In the months since Qatar’s largely successful hosting of the 2022 World Cup, the small peninsular emirate has remained under the spotlight in global sports politics. Recently, the Qatari Nine Two Foundation has expressed interest in purchasing Manchester United, one of the world’s most famous football (soccer) clubs, from the Glazer family, its present owners. Although the sale is far from certain—a competing bid is expected from chemical billionaire Sir Jim Ratcliffe—it would represent a major step forward for Qatar’s soft power if completed.

For Qatar, as for all the GCC states, soft power can be explained through various lenses, mostly focusing on the country’s geography and neighborhood. Five of the six Gulf states have small land areas and populations, complicating their security concerns. One way for the five coastal states to offset this is to enhance their global visibility, which each of them has given a high priority—perhaps with the recent history of Kuwait in mind. Since the 2000s, and even more since the Arab Spring, the Gulf states’ accumulated wealth, and the emerging power vacuum in the Middle East region, has assisted in increasing their role at the regional level and encouraged the adoption of proactive foreign policies. At the same time, Qatar has sought to distance itself from global stereotypes of energy-rich monarchies, for which soft power policies have been effective. Soft power brings greater visibility to states, allows them to compete between each other and with other states within the MENA region, and the careful use of soft power supports their growing attempts to project influence worldwide.

The Power of Sports

Sport has become a crucial tool within Qatar’s soft power toolbox. Doha has hosted several worldwide sports competitions, including the 2006 Asian Games, the 2011 Asian Football Cup, the annual Qatar Open Tennis Tournament, and the 2022 FIFA World Cup, among dozens of others. A longer-term approach has also been the acquisition of shirt sponsorships of well-recognized Western football clubs (including FC Barcelona, FC Bayern Munich, and AS Roma). Qatar has mainly relied on these sponsorships to increase its influence, and is emerging as a key player in the field of football.
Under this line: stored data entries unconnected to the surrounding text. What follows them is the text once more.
(* For all odd integers $n\ge1$ and real numbers $a\ge1$, $x,y\in(0,\pi)$, we have $\Theta_{n,a}(x,y)\ge\sin(x)\sin(y)$. Equality holds if and only if $n=1$.
   Context: For a real number $a$ and integers $0\le m$, $\binom{m+a}{m}=\frac{(a+1)(a+2)\cdots(a+m)}{m!}$ (equal to $1$ when $m=0$). For an integer $n\ge1$, $\Theta_{n,a}(x,y)=\sum_{j=1}^n\binom{n+a-j}{n-j}\frac{\sin(jx)\sin(jy)}{j}$. *)

theory Defs
  imports Complex_Main
begin

text \<open>Generalized binomial coefficient binom(m+a, m) = (a+1)(a+2)...(a+m)/m!, equal to 1 for m = 0.\<close>
definition binom_shift :: "nat \<Rightarrow> real \<Rightarrow> real" where
  "binom_shift m a = (\<Prod>i=1..m. a + real i) / fact m"

definition Theta :: "nat \<Rightarrow> real \<Rightarrow> real \<Rightarrow> real \<Rightarrow> real" where
  "Theta n a x y = (\<Sum>j=1..n. binom_shift (n - j) a * (sin (real j * x) * sin (real j * y)) / real j)"

end

theory Submission
  imports Defs
begin

text \<open>
  Since \<open>2 sin (j x) sin (j y) = (1 - cos (j (x + y))) - (1 - cos (j (x - y)))\<close>, a sum
  \<open>\<Sum>j. w j sin (j x) sin (j y) / j\<close> is half an increment of a primitive of the sine
  polynomial \<open>\<Sum>j. w j sin (j t)\<close>. That primitive is even and \<open>2 pi\<close>-periodic, so
  the sum is nonnegative on \<open>(0, pi)\<^sup>2\<close> whenever the sine polynomial is nonnegative
  on \<open>(0, pi)\<close>. Expanding \<open>binom(m + a, m)\<close> as \<open>\<Sum>i\<le>m. (m + 1 - i) binom(i + a - 2, i)\<close>
  writes \<open>Theta n a\<close> as a combination, with nonnegative coefficients when \<open>a \<ge> 1\<close>,
  of the sums with Fejer weights \<open>m + 1 - j\<close>, the one with \<open>m = n\<close> having
  coefficient 1. Fejer sine polynomials are nonnegative, and for odd \<open>n\<close> the one of
  degree \<open>n\<close> even dominates \<open>sin t\<close>, strictly away from \<open>t = 2 pi / 3\<close> when
  \<open>n \<ge> 3\<close>.
\<close>

definition sine_sum :: "(nat \<Rightarrow> real) \<Rightarrow> nat \<Rightarrow> real \<Rightarrow> real" where
  "sine_sum w n t = (\<Sum>j=1..n. w j * sin (real j * t))"

definition sine_sum_primitive :: "(nat \<Rightarrow> real) \<Rightarrow> nat \<Rightarrow> real \<Rightarrow> real" where
  "sine_sum_primitive w n t = (\<Sum>j=1..n. w j * (1 - cos (real j * t)) / real j)"

definition sin_product_sum :: "(nat \<Rightarrow> real) \<Rightarrow> nat \<Rightarrow> real \<Rightarrow> real \<Rightarrow> real" where
  "sin_product_sum w n x y = (\<Sum>j=1..n. w j * (sin (real j * x) * sin (real j * y)) / real j)"

lemma has_real_derivative_sine_sum_primitive:
  "(sine_sum_primitive w n has_real_derivative sine_sum w n t) (at t)"
  unfolding sine_sum_primitive_def[abs_def] sine_sum_def
  by (rule DERIV_sum) (auto intro!: derivative_eq_intros simp: field_simps)

lemma continuous_on_sine_sum_primitive: "continuous_on A (sine_sum_primitive w n)"
  by (meson DERIV_isCont has_real_derivative_sine_sum_primitive continuous_at_imp_continuous_on)

lemma sine_sum_primitive_minus: "sine_sum_primitive w n (- t) = sine_sum_primitive w n t"
  unfolding sine_sum_primitive_def by simp

lemma sine_sum_primitive_two_pi_minus:
  "sine_sum_primitive w n (2 * pi - t) = sine_sum_primitive w n t"
proof -
  have "cos (real j * (2 * pi - t)) = cos (real j * t)" for j :: nat
  proof -
    have "real j * (2 * pi - t) = 2 * real j * pi - real j * t"
      by (simp add: algebra_simps)
    then show ?thesis by (simp add: cos_diff)
  qed
  then show ?thesis unfolding sine_sum_primitive_def by simp
qed

lemma sin_product_sum_eq_primitive_diff:
  "sin_product_sum w n x y =
     (sine_sum_primitive w n (x + y) - sine_sum_primitive w n (x - y)) / 2"
proof -
  have "w j * (sin (real j * x) * sin (real j * y)) / real j =
        (w j * (1 - cos (real j * (x + y))) / real j
          - w j * (1 - cos (real j * (x - y))) / real j) / 2" for j
  proof -
    have plus: "cos (real j * (x + y)) = cos (real j * x) * cos (real j * y) - sin (real j * x) * sin (real j * y)"
      by (simp add: distrib_left cos_add)
    have minus: "cos (real j * (x - y)) = cos (real j * x) * cos (real j * y) + sin (real j * x) * sin (real j * y)"
      by (simp add: right_diff_distrib cos_diff)
    show ?thesis unfolding plus minus by (cases "j = 0") (simp_all add: field_simps)
  qed
  then show ?thesis
    unfolding sin_product_sum_def sine_sum_primitive_def
    by (simp only: sum_divide_distrib[symmetric] sum_subtractf)
qed

lemma sin_product_sum_as_primitive_increment:
  assumes "0 < x" "x < pi" "0 < y" "y < pi"
  obtains u v where "0 \<le> u" "u < v" "v \<le> pi"
    and "sin_product_sum w n x y = (sine_sum_primitive w n v - sine_sum_primitive w n u) / 2"
proof -
  have u: "sine_sum_primitive w n (x - y) = sine_sum_primitive w n \<bar>x - y\<bar>"
    by (cases "x \<ge> y") (auto simp: sine_sum_primitive_minus[of w n "x - y", symmetric])
  show ?thesis
  proof (cases "x + y \<le> pi")
    case True
    then show ?thesis
      using assms by (intro that[of "\<bar>x - y\<bar>" "x + y"]) (auto simp: u sin_product_sum_eq_primitive_diff)
  next
    case False
    then show ?thesis
      using assms sine_sum_primitive_two_pi_minus[of w n "x + y"]
      by (intro that[of "\<bar>x - y\<bar>" "2 * pi - (x + y)"]) (auto simp: u sin_product_sum_eq_primitive_diff)
  qed
qed

lemma sin_product_sum_nonneg:
  assumes nonneg: "\<And>t. 0 < t \<Longrightarrow> t < pi \<Longrightarrow> sine_sum w n t \<ge> 0"
    and "0 < x" "x < pi" "0 < y" "y < pi"
  shows "sin_product_sum w n x y \<ge> 0"
proof -
  obtain u v where uv: "0 \<le> u" "u < v" "v \<le> pi"
    and eq: "sin_product_sum w n x y = (sine_sum_primitive w n v - sine_sum_primitive w n u) / 2"
    using sin_product_sum_as_primitive_increment assms(2-5) .
  have "sine_sum_primitive w n u \<le> sine_sum_primitive w n v"
  proof (rule DERIV_nonneg_imp_increasing_open[OF less_imp_le[OF \<open>u < v\<close>]])
    fix t assume "u < t" "t < v"
    then show "\<exists>d. DERIV (sine_sum_primitive w n) t :> d \<and> d \<ge> 0"
      using has_real_derivative_sine_sum_primitive nonneg uv by force
  qed (rule continuous_on_sine_sum_primitive)
  then show ?thesis unfolding eq by simp
qed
Other Gulf states have branched out into other sports; Bahrain, for instance, has instead invested in the Formula One Bahrain Grand Prix, hosting the first Formula One race in the Middle East 19 years ago.

Qatar’s presence within the football sphere is perhaps all the more impressive, considering that the game became popular only in the 1940s, when football came to the emirate through British workers. The first official season of the Qatar Stars League (previously known as Q-League) was played in 1972, only one year after Qatar’s formal independence.

In addition to supporting domestic sports clubs, Qatar has sought to raise its global profile by strategically buying foreign ones, usually through its sovereign wealth fund or associated government funds. The state-owned Qatar Sports Investments (QSI), launched by Shaykh Tamim, bought 70% of the famed Paris Saint-Germain football club in 2011. The club had been making losses under its previous owners, the U.S. private equity real estate fund Colony Capital. Dissatisfied with owning only 70% of PSG, QSI purchased the remaining 30% in 2012, becoming the club’s sole owner. In 2012, the Qatar Tourism Authority signed a sponsorship deal with the club to pay up to EUR 200 million (USD 224 million) per year, for four years, covering the ‘galactic wages’ of players such as Zlatan Ibrahimovic and Edinson Cavani. Al-Jazeera bought the rights to show French League football worldwide, and three weeks after QSI bought PSG, al-Jazeera paid EUR 510 million (USD 660 million) per year for the domestic broadcast rights from 2012 to 2016, in cooperation with French broadcaster Canal+, which had previously been the only bidder. (The president of PSG, the head of al-Jazeera Sport, Nasir al-Khelaifi, also heads QSI and runs beIN Sports.) Reports in 2018 suggested that state-owned Qatari companies such as Qatar Airways were interested in PSG shirt sponsorship, replacing the Dubai-based airline, Emirates, because the UAE’s sponsorship of shirts on a Qatari-owned team became an “uncomfortable fit” after the UAE imposed a blockade on Qatar in 2017. In 2019, reports revealed that PSG had reached a multi-year sponsorship agreement with Paris-based Accor hotels, as the team’s jersey sponsor beginning in the 2019-2020 season. Qatar Investment Authority (QIA) is a shareholder (11.3%) of the Accor Group.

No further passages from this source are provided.